(* For every $n\ge1$, the affine curvatures of the inflection-point polygon $r_1,\dots,r_{N(n)}$ of the Hilbert curve $H_n$ satisfy, for all $2\le k\le N(n)-2$, $$\kappa_k\in\{1,-1,2,-2,\tfrac12,-\tfrac12,3,\tfrac13\},\qquad \bar\kappa_k=0.$$
   Context: The Hilbert curve at step $n$ is the polygon $H_n$ in the unit square defined recursively: $H_1$ has vertices $(\tfrac14,\tfrac14),(\tfrac14,\tfrac34),(\tfrac34,\tfrac34),(\tfrac34,\tfrac14)$; $H_{n+1}$ is the concatenation (in this order, joined by the connecting edges) of $f_1(H_n),f_2(H_n),f_3(H_n),f_4(H_n)$, where $f_1(x,y)=(\tfrac y2,\tfrac x2)$, $f_2(x,y)=(\tfrac x2,\tfrac y2+\tfrac12)$, $f_3(x,y)=(\tfrac x2+\tfrac12,\tfrac y2+\tfrac12)$, $f_4(x,y)=(1-\tfrac y2,\tfrac12-\tfrac x2)$, each copy traversed in the order inherited from $H_n$. The inflection points $r_1,\dots,r_{N(n)}$ of $H_n$ are the vertices of $H_n$, in order, after deleting every interior vertex whose two neighbouring vertices are collinear with it (endpoints kept). Affine curvatures: $t_k=r_{k+1}-r_k$, $[a,b]=a_1b_2-a_2b_1$, and for $2\le k\le N-2$ with $[t_{k-1},t_k]\ne0$, $\kappa_k=\dfrac{[t_k,t_{k+1}]}{[t_{k-1},t_k]}$, $\bar\kappa_k=\dfrac{[t_{k-1},t_{k+1}]}{[t_{k-1},t_k]}$. *)

theory Defs
  imports Complex_Main
begin

type_synonym pt = "real \<times> real"

definition f1 :: "pt \<Rightarrow> pt" where "f1 p = (snd p / 2, fst p / 2)"
definition f2 :: "pt \<Rightarrow> pt" where "f2 p = (fst p / 2, snd p / 2 + 1/2)"
definition f3 :: "pt \<Rightarrow> pt" where "f3 p = (fst p / 2 + 1/2, snd p / 2 + 1/2)"
definition f4 :: "pt \<Rightarrow> pt" where "f4 p = (1 - snd p / 2, 1/2 - fst p / 2)"

definition H1 :: "pt list" where
  "H1 = [(1/4, 1/4), (1/4, 3/4), (3/4, 3/4), (3/4, 1/4)]"

definition hstep :: "pt list \<Rightarrow> pt list" where
  "hstep vs = map f1 vs @ map f2 vs @ map f3 vs @ map f4 vs"

text \<open>Vertex list of the Hilbert polygon H_n (meaningful for n >= 1).\<close>
definition hilbert :: "nat \<Rightarrow> pt list" where
  "hilbert n = (hstep ^^ (n - 1)) H1"

definition psub :: "pt \<Rightarrow> pt \<Rightarrow> pt" where
  "psub a b = (fst a - fst b, snd a - snd b)"

definition cross :: "pt \<Rightarrow> pt \<Rightarrow> real" where
  "cross a b = fst a * snd b - snd a * fst b"

definition collinear3 :: "pt \<Rightarrow> pt \<Rightarrow> pt \<Rightarrow> bool" where
  "collinear3 a b c \<longleftrightarrow> cross (psub b a) (psub c a) = 0"

definition inflection_pts :: "pt list \<Rightarrow> pt list" where
  "inflection_pts vs = [vs ! i. i \<leftarrow> [0..<length vs],
      i = 0 \<or> i = length vs - 1 \<or> \<not> collinear3 (vs ! (i - 1)) (vs ! i) (vs ! (i + 1))]"

definition Ninf :: "nat \<Rightarrow> nat" where
  "Ninf n = length (inflection_pts (hilbert n))"

definition rpt :: "nat \<Rightarrow> nat \<Rightarrow> pt" where
  "rpt n k = inflection_pts (hilbert n) ! (k - 1)"

definition tvec :: "nat \<Rightarrow> nat \<Rightarrow> pt" where
  "tvec n k = psub (rpt n (k + 1)) (rpt n k)"

definition kappa :: "nat \<Rightarrow> nat \<Rightarrow> real" where
  "kappa n k = cross (tvec n k) (tvec n (k + 1)) / cross (tvec n (k - 1)) (tvec n k)"

definition kappa_bar :: "nat \<Rightarrow> nat \<Rightarrow> real" where
  "kappa_bar n k = cross (tvec n (k - 1)) (tvec n (k + 1)) / cross (tvec n (k - 1)) (tvec n k)"

end

theory Submission
  imports Defs
begin

text \<open>
  The affine curvatures and the collinearity test are ratios of cross products of difference
  vectors, so they are invariant under every affine map of nonzero determinant, such as the four
  maps \<open>f\<^sub>i\<close>. Hence every window of four consecutive inflection points of \<open>H\<^sub>n\<^sub>+\<^sub>1\<close> lying
  inside one copy \<open>f\<^sub>i(H\<^sub>n)\<close> inherits the property from \<open>H\<^sub>n\<close>, and only the windows straddling
  the three junctions between copies are new. These depend only on the first and last two
  vertices and the first and last three inflection points of \<open>H\<^sub>n\<close>; near the corners \<open>(0,0)\<close>
  and \<open>(1,0)\<close> they are fixed shapes scaled by \<open>2\<^sup>-\<^sup>n\<close> which alternate with the parity of
  \<open>n\<close>. So finitely many junction windows, checked for both parities, carry an induction
  starting at \<open>H\<^sub>2\<close>.
\<close>

fun turning_vertices :: "pt list \<Rightarrow> pt list" where
  "turning_vertices (a # b # c # r) =
     (if collinear3 a b c then [] else [b]) @ turning_vertices (b # c # r)"
| "turning_vertices _ = []"

lemma turning_vertices_conv_nth:
  "[vs ! i. i \<leftarrow> [1..<length vs - 1], \<not> collinear3 (vs ! (i - 1)) (vs ! i) (vs ! (i + 1))]
   = turning_vertices vs"
proof (induction vs rule: turning_vertices.induct)
  case (1 a b c r)
  let ?P = "\<lambda>vs i. \<not> collinear3 (vs ! (i - 1)) (vs ! i) (vs ! (i + 1))"
  have idx: "[1..<length (a # b # c # r) - 1] = 1 # map Suc [1..<length (b # c # r) - 1]"
    by (cases r)
      (auto simp: map_Suc_upt upt_conv_Cons Suc_le_eq, metis Suc_lessI length_greater_0_conv)
  have "[(a # b # c # r) ! i. i \<leftarrow> map Suc [1..<length (b # c # r) - 1], ?P (a # b # c # r) i]
      = [(b # c # r) ! i. i \<leftarrow> [1..<length (b # c # r) - 1], ?P (b # c # r) i]"
    unfolding map_map
  proof (intro arg_cong[where f = concat] map_cong refl)
    fix i assume "i \<in> set [1..<length (b # c # r) - 1]"
    then have "i \<noteq> 0" by auto
    then obtain j where "i = Suc j" using not0_implies_Suc by blast
    then show "((\<lambda>i. if ?P (a # b # c # r) i then [(a # b # c # r) ! i] else []) \<circ> Suc) i
             = (if ?P (b # c # r) i then [(b # c # r) ! i] else [])"
      by simp
  qed
  then show ?case using "1.IH" idx by simp
qed auto

lemma inflection_pts_eq:
  assumes "length vs \<ge> 2"
  shows "inflection_pts vs = hd vs # turning_vertices vs @ [last vs]"
proof -
  have idx: "[0..<length vs] = 0 # [1..<length vs - 1] @ [length vs - 1]"
    using assms by (metis One_nat_def Suc_le_eq le_add_diff_inverse2 less_imp_le_nat nat_le_linear
        not_less_eq_eq numeral_2_eq_2 upt_Suc_append upt_conv_Cons zero_less_Suc diff_Suc_1 add.commute)
  have "[vs ! i. i \<leftarrow> [1..<length vs - 1],
           i = 0 \<or> i = length vs - 1 \<or> \<not> collinear3 (vs ! (i - 1)) (vs ! i) (vs ! (i + 1))]
      = [vs ! i. i \<leftarrow> [1..<length vs - 1], \<not> collinear3 (vs ! (i - 1)) (vs ! i) (vs ! (i + 1))]"
    by (auto intro!: arg_cong[where f = concat] map_cong)
  moreover have "vs \<noteq> []" using assms by auto
  ultimately show ?thesis
    using turning_vertices_conv_nth[of vs]
    by (simp add: inflection_pts_def idx hd_conv_nth last_conv_nth)
qed

definition junction_turns :: "pt \<Rightarrow> pt \<Rightarrow> pt \<Rightarrow> pt \<Rightarrow> pt list" where
  "junction_turns a b x y =
     (if collinear3 a b x then [] else [b]) @ (if collinear3 b x y then [] else [x])"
______________________________
--- To do ---
Among the lines of the records above, count those holding the string "have", and report only the number.

--- Result of this exercise ---
6